As is apparent from the above description, according to the present invention, a core wire having a desired elastic modulus is buried by using a high-strength glass fiber filament, so that there is little residual vibration, and particularly high precision and high speed. Can be used in an apparatus that requires the above processing.

[Brief description of the drawings]

FIG. 1 is a perspective view of a general timing belt.

FIG. 2 is a perspective view of the same transport device.

FIG. 3 is an explanatory diagram showing belt responsiveness during conveyance.

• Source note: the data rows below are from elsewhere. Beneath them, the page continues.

(* Let $G$ be a finite group, $\Lambda$ an absolutely irreducible $\mathbb Z[G]$-module of finite rank, $W=\Lambda\otimes\mathbb Q$, $w$ a weight with associated form $(\,,\,)$, $H=\mathrm{Stab}_G(w)$, and let $\{g_1,\dots,g_d\}$ be a set of representatives of the left cosets of $H$ in $G$. Then $(g_iw,g_jw)-(w,w)-1$ is a non-negative integer for all $i\ne j$.
   Context: A weight of $\Lambda$ is $w\in W$ with $gw-w\in\Lambda$ for all $g\in G$. $(\,,\,)$ is the negative definite $G$-invariant symmetric bilinear form on $W$ such that (i) $(w,\lambda)\in\mathbb Z$ for all $\lambda\in\Lambda$, and (ii) every $G$-invariant symmetric bilinear form satisfying (i) is an integer multiple of it. $H=\{g\in G:gw=w\}$. *)

theory Defs
  imports "HOL-Analysis.Finite_Cartesian_Product" "HOL-Algebra.Coset"
begin

text \<open>A representation of the group G on the lattice Lambda = Z^n is given by
  integer matrices rho g.  W = Lambda (x) Q is rat^'n, Lambda (x) C is complex^'n.\<close>

definition of_int_mat :: "int^'n^'m \<Rightarrow> ('a::ring_1)^'n^'m" where
  "of_int_mat A = (\<chi> i j. of_int (A $ i $ j))"

definition is_int_rep :: "('g, 'b) monoid_scheme \<Rightarrow> ('g \<Rightarrow> int^'n^'n) \<Rightarrow> bool" where
  "is_int_rep G \<rho> \<longleftrightarrow> \<rho> \<one>\<^bsub>G\<^esub> = mat 1 \<and>
     (\<forall>g\<in>carrier G. \<forall>h\<in>carrier G. \<rho> (g \<otimes>\<^bsub>G\<^esub> h) = \<rho> g ** \<rho> h)"

definition lattice :: "(rat^'n) set" where
  "lattice = {v. \<forall>i. v $ i \<in> \<int>}"

definition complex_subspace :: "(complex^'n) set \<Rightarrow> bool" where
  "complex_subspace S \<longleftrightarrow> 0 \<in> S \<and> (\<forall>x\<in>S. \<forall>y\<in>S. x + y \<in> S) \<and> (\<forall>c. \<forall>x\<in>S. c *s x \<in> S)"

definition abs_irreducible :: "('g, 'b) monoid_scheme \<Rightarrow> ('g \<Rightarrow> int^'n^'n) \<Rightarrow> bool" where
  "abs_irreducible G \<rho> \<longleftrightarrow>
     (\<forall>S. complex_subspace S \<and> (\<forall>g\<in>carrier G. \<forall>v\<in>S. (of_int_mat (\<rho> g) :: complex^'n^'n) *v v \<in> S)
        \<longrightarrow> S = {0} \<or> S = UNIV)"

definition is_weight :: "('g, 'b) monoid_scheme \<Rightarrow> ('g \<Rightarrow> int^'n^'n) \<Rightarrow> rat^'n \<Rightarrow> bool" where
  "is_weight G \<rho> w \<longleftrightarrow> (\<forall>g\<in>carrier G. (of_int_mat (\<rho> g) :: rat^'n^'n) *v w - w \<in> lattice)"

definition sym_bilinear :: "(rat^'n \<Rightarrow> rat^'n \<Rightarrow> rat) \<Rightarrow> bool" where
  "sym_bilinear B \<longleftrightarrow> (\<forall>x y. B x y = B y x) \<and> (\<forall>x y z. B (x + y) z = B x z + B y z)
     \<and> (\<forall>c x y. B (c *s x) y = c * B x y)"

definition G_invariant_form :: "('g, 'b) monoid_scheme \<Rightarrow> ('g \<Rightarrow> int^'n^'n) \<Rightarrow> (rat^'n \<Rightarrow> rat^'n \<Rightarrow> rat) \<Rightarrow> bool" where
  "G_invariant_form G \<rho> B \<longleftrightarrow> (\<forall>g\<in>carrier G. \<forall>x y.
     B ((of_int_mat (\<rho> g) :: rat^'n^'n) *v x) ((of_int_mat (\<rho> g) :: rat^'n^'n) *v y) = B x y)"

definition neg_definite :: "(rat^'n \<Rightarrow> rat^'n \<Rightarrow> rat) \<Rightarrow> bool" where
  "neg_definite B \<longleftrightarrow> (\<forall>x. x \<noteq> 0 \<longrightarrow> B x x < 0)"

definition integral_on :: "(rat^'n \<Rightarrow> rat^'n \<Rightarrow> rat) \<Rightarrow> rat^'n \<Rightarrow> bool" where
  "integral_on B w \<longleftrightarrow> (\<forall>l\<in>lattice. B w l \<in> \<int>)"

definition assoc_form :: "('g, 'b) monoid_scheme \<Rightarrow> ('g \<Rightarrow> int^'n^'n) \<Rightarrow> rat^'n \<Rightarrow> (rat^'n \<Rightarrow> rat^'n \<Rightarrow> rat) \<Rightarrow> bool" where
  "assoc_form G \<rho> w B \<longleftrightarrow> sym_bilinear B \<and> G_invariant_form G \<rho> B \<and> neg_definite B \<and> integral_on B w \<and>
     (\<forall>B'. sym_bilinear B' \<and> G_invariant_form G \<rho> B' \<and> integral_on B' w \<longrightarrow>
        (\<exists>k::int. \<forall>x y. B' x y = of_int k * B x y))"

definition stabilizer :: "('g, 'b) monoid_scheme \<Rightarrow> ('g \<Rightarrow> int^'n^'n) \<Rightarrow> rat^'n \<Rightarrow> 'g set" where
  "stabilizer G \<rho> w = {g\<in>carrier G. (of_int_mat (\<rho> g) :: rat^'n^'n) *v w = w}"

end

theory Submission
  imports Defs
begin

text \<open>Put \<open>u = g\<^sub>1 w\<close> and \<open>v = g\<^sub>2 w\<close>. They are distinct because the cosets differ, and
  \<open>v - u = (v - w) - (u - w)\<close> lies in the lattice because \<open>w\<close> is a weight. By invariance
  \<open>(u, v - u) = (w, g\<^sub>1\<^sup>-\<^sup>1 (v - u))\<close>, an integer by condition (i), so \<open>(u, v) - (w, w)\<close> is an
  integer. Finally \<open>0 > (v - u, v - u) = 2 (w, w) - 2 (u, v)\<close> makes it positive.\<close>

lemma of_int_mat_mult:
  "(of_int_mat (A ** B) :: 'a::comm_ring_1^_^_) = of_int_mat A ** of_int_mat B"
  by (simp add: of_int_mat_def matrix_matrix_mult_def vec_eq_iff)

lemma of_int_mat_one: "(of_int_mat (mat 1) :: 'a::comm_ring_1^_^_) = mat 1"
  by (simp add: of_int_mat_def mat_def vec_eq_iff)

lemma is_int_rep_mult_action:
  assumes "is_int_rep G \<rho>" "g \<in> carrier G" "h \<in> carrier G"
  shows "(of_int_mat (\<rho> (g \<otimes>\<^bsub>G\<^esub> h)) :: 'a::comm_ring_1^'n^'n) *v x
           = of_int_mat (\<rho> g) *v (of_int_mat (\<rho> h) *v x)"
  using assms unfolding is_int_rep_def by (simp add: of_int_mat_mult matrix_vector_mul_assoc)

lemma is_int_rep_one_action:
  assumes "is_int_rep G \<rho>"
  shows "(of_int_mat (\<rho> \<one>\<^bsub>G\<^esub>) :: 'a::comm_ring_1^'n^'n) *v x = x"
  using assms unfolding is_int_rep_def by (simp add: of_int_mat_one)

lemma is_int_rep_inv_action:
  assumes "group G" "is_int_rep G \<rho>" "g \<in> carrier G"
  shows "(of_int_mat (\<rho> (inv\<^bsub>G\<^esub> g)) :: 'a::comm_ring_1^'n^'n) *v (of_int_mat (\<rho> g) *v x) = x"
    and "(of_int_mat (\<rho> g) :: 'a::comm_ring_1^'n^'n) *v (of_int_mat (\<rho> (inv\<^bsub>G\<^esub> g)) *v x) = x"
  using is_int_rep_mult_action[OF assms(2), of "inv\<^bsub>G\<^esub> g" g x]
    is_int_rep_mult_action[OF assms(2), of g "inv\<^bsub>G\<^esub> g" x]
    is_int_rep_one_action[OF assms(2), of x] assms
  by (simp_all add: group.l_inv group.r_inv group.inv_closed)

lemma lattice_of_int_mat_mult:
  "v \<in> lattice \<Longrightarrow> (of_int_mat A :: rat^'n^'m) *v v \<in> lattice"
  unfolding lattice_def
  by (auto simp: matrix_vector_mult_def of_int_mat_def intro!: Ints_sum Ints_mult)

lemma lattice_diff: "u \<in> lattice \<Longrightarrow> v \<in> lattice \<Longrightarrow> u - v \<in> lattice"
  unfolding lattice_def by (auto intro: Ints_diff)

lemma weight_orbit_diff_in_lattice:
  assumes "is_weight G \<rho> w" "g \<in> carrier G" "h \<in> carrier G"
  shows "(of_int_mat (\<rho> g) :: rat^'n^'n) *v w - of_int_mat (\<rho> h) *v w \<in> lattice"
proof -
  have "(of_int_mat (\<rho> g) *v w - w) - (of_int_mat (\<rho> h) *v w - w) \<in> lattice"
    using assms unfolding is_weight_def by (blast intro: lattice_diff)
  then show ?thesis by simp
qed

lemma sym_bilinear_diff_left:
  assumes "sym_bilinear B"
  shows "B (x - y) z = B x z - B y z"
proof -
  have "B (x + (-1) *s y) z = B x z + (-1) * B y z"
    using assms unfolding sym_bilinear_def by metis
  moreover have "x + (-1) *s y = x - y" by (simp add: vec_eq_iff)
  ultimately show ?thesis by simp
qed

lemma sym_bilinear_diff_right:
  "sym_bilinear B \<Longrightarrow> B z (x - y) = B z x - B z y"
  using sym_bilinear_diff_left unfolding sym_bilinear_def by metis

lemma neg_definite_cross_term_gt:
  assumes "sym_bilinear B" "neg_definite B" "u \<noteq> v" "B u u = c" "B v v = c"
  shows "c < B u v"
proof -
  have "B (v - u) (v - u) < 0" using assms(2,3) unfolding neg_definite_def by simp
  moreover have "B (v - u) (v - u) = B v v - B u v - B v u + B u u"
    by (simp add: sym_bilinear_diff_left[OF assms(1)] sym_bilinear_diff_right[OF assms(1)])
  moreover have "B v u = B u v" using assms(1) unfolding sym_bilinear_def by blast
  ultimately show ?thesis using assms(4,5) by simp
qed

lemma invariant_form_orbit_integral:
  assumes "group G" "is_int_rep G \<rho>" "G_invariant_form G \<rho> B" "integral_on B w"
    and "g \<in> carrier G" "l \<in> lattice"
  shows "B ((of_int_mat (\<rho> g) :: rat^'n^'n) *v w) l \<in> \<int>"
proof -
  let ?M = "of_int_mat (\<rho> g) :: rat^'n^'n"
  let ?N = "of_int_mat (\<rho> (inv\<^bsub>G\<^esub> g)) :: rat^'n^'n"
  have "?M *v (?N *v l) = l" by (rule is_int_rep_inv_action(2)[OF assms(1,2,5)])
  then have "B (?M *v w) l = B (?M *v w) (?M *v (?N *v l))" by simp
  also have "\<dots> = B w (?N *v l)"
    using assms(3,5) unfolding G_invariant_form_def by blast
  finally show ?thesis
    using assms(4) lattice_of_int_mat_mult[OF assms(6)] unfolding integral_on_def by auto
qed

lemma stabilizer_coset_subset:
  assumes "group G" "is_int_rep G \<rho>" "g \<in> carrier G" "h \<in> carrier G"
    and "(of_int_mat (\<rho> g) :: rat^'n^'n) *v w = of_int_mat (\<rho> h) *v w"
  shows "g <#\<^bsub>G\<^esub> stabilizer G \<rho> w \<subseteq> h <#\<^bsub>G\<^esub> stabilizer G \<rho> w"
proof
  interpret group G by fact
  fix z assume "z \<in> g <#\<^bsub>G\<^esub> stabilizer G \<rho> w"
  then obtain s where s: "s \<in> stabilizer G \<rho> w" and z: "z = g \<otimes>\<^bsub>G\<^esub> s"
    unfolding l_coset_def by auto
  have s_carrier: "s \<in> carrier G" using s unfolding stabilizer_def by simp
  let ?t = "inv\<^bsub>G\<^esub> h \<otimes>\<^bsub>G\<^esub> g \<otimes>\<^bsub>G\<^esub> s"
  have t_carrier: "?t \<in> carrier G" using assms s_carrier by simp
  have "(of_int_mat (\<rho> ?t) :: rat^'n^'n) *v w
          = of_int_mat (\<rho> (inv\<^bsub>G\<^esub> h)) *v (of_int_mat (\<rho> g) *v (of_int_mat (\<rho> s) *v w))"
    using assms(2-4) s_carrier by (simp add: is_int_rep_mult_action)
  also have "\<dots> = w"
    using s assms(5) is_int_rep_inv_action(1)[OF assms(1,2,4)] unfolding stabilizer_def by simp
  finally have "?t \<in> stabilizer G \<rho> w" using t_carrier unfolding stabilizer_def by simp
  moreover have "z = h \<otimes>\<^bsub>G\<^esub> ?t" using assms(3,4) s_carrier z by (simp add: m_assoc[symmetric])
  ultimately show "z \<in> h <#\<^bsub>G\<^esub> stabilizer G \<rho> w" unfolding l_coset_def by auto
qed

lemma stabilizer_coset_eq:
  assumes "group G" "is_int_rep G \<rho>" "g \<in> carrier G" "h \<in> carrier G"
    and "(of_int_mat (\<rho> g) :: rat^'n^'n) *v w = of_int_mat (\<rho> h) *v w"
  shows "g <#\<^bsub>G\<^esub> stabilizer G \<rho> w = h <#\<^bsub>G\<^esub> stabilizer G \<rho> w"
  using stabilizer_coset_subset[OF assms] stabilizer_coset_subset[OF assms(1,2,4,3) assms(5)[symmetric]]
  by (rule subset_antisym)

theorem lemma3p1:
  fixes G :: "('g, 'b) monoid_scheme" and \<rho> :: "'g \<Rightarrow> int^'n^'n"
    and w :: "rat^'n" and B :: "rat^'n \<Rightarrow> rat^'n \<Rightarrow> rat"
  assumes "group G" and "finite (carrier G)"
    and "is_int_rep G \<rho>" and "abs_irreducible G \<rho>"
    and "is_weight G \<rho> w" and "assoc_form G \<rho> w B"
    and "g1 \<in> carrier G" and "g2 \<in> carrier G"
    and "g1 <#\<^bsub>G\<^esub> stabilizer G \<rho> w \<noteq> g2 <#\<^bsub>G\<^esub> stabilizer G \<rho> w"
  shows "B ((of_int_mat (\<rho> g1) :: rat^'n^'n) *v w) ((of_int_mat (\<rho> g2) :: rat^'n^'n) *v w)
           - B w w - 1 \<in> \<nat>"
proof -
  define u where "u = (of_int_mat (\<rho> g1) :: rat^'n^'n) *v w"
  define v where "v = (of_int_mat (\<rho> g2) :: rat^'n^'n) *v w"
  have sb: "sym_bilinear B" and inv: "G_invariant_form G \<rho> B" and nd: "neg_definite B"
    and int: "integral_on B w" using assms(6) unfolding assoc_form_def by auto
  have uu: "B u u = B w w" and vv: "B v v = B w w"
    using inv assms(7,8) unfolding G_invariant_form_def u_def v_def by auto
  have "u \<noteq> v" using stabilizer_coset_eq[OF assms(1,3,7,8)] assms(9) unfolding u_def v_def by blast
  then have pos: "B w w < B u v" using neg_definite_cross_term_gt[OF sb nd _ uu vv] by blast
  have "B u (v - u) \<in> \<int>"
    using invariant_form_orbit_integral[OF assms(1,3) inv int assms(7)]
      weight_orbit_diff_in_lattice[OF assms(5,8,7)] unfolding u_def v_def by blast
  then obtain k where k: "B u v - B w w = of_int k"
    using uu by (auto simp: sym_bilinear_diff_right[OF sb] elim: Ints_cases)
  with pos have "B u v - B w w - 1 = of_nat (nat (k - 1))" by simp
  then show ?thesis unfolding u_def v_def by (metis of_nat_in_Nats)
qed

end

FIG. 4 is a schematic plan view of a residual vibration measurement tester.

FIG. 5 is a schematic front view of the same.

FIG. 6 is a diagram showing a residual vibration measurement result.

FIG. 7 is a view showing bending resistance performance;

FIG. 8 is a graph for calculating a theoretical core diameter from the number of filaments.

FIG. 9 is a graph showing a relationship between an elastic coefficient and a pitch diameter.

[Explanation of symbols]

 2, 3 pulley 4, 5 belt 6 mounting table 7 work 11 main belt 12 toothed section 13 tooth cloth 14 core wire 17 weft 18 warp 20 residual vibration tester

Claims (3)

[Claims] 1. A residual vibration reducing belt in which a core wire is buried in a main body of a belt, wherein a material, a diameter, and a number of filaments constituting the core wire are set so as to satisfy the following expression (1). Elastic modulus required per belt width ≤ cross-sectional area per core wire x number of theoretical shots x elastic modulus of filament ... (1) 2. The residual vibration reduction belt according to claim 1, wherein an elastic coefficient required per belt width is set so as to satisfy the following expression (2) according to a diameter of a pulley on which the belt is stretched. Elastic coefficient required per belt width = -0.0544 x (pulley pitch diameter) ² (mm) +397.45 x (pulley pitch diameter) +61362 ... (2) 3. When the number of pulley teeth on which the belt is stretched is 20 and the minimum pulley diameter is 31.83 mm, 6600 filaments made of high-strength glass fiber and having a diameter of 9 μ are bundled as the core wire. The residual reduction belt according to claim 1, wherein the belt is used.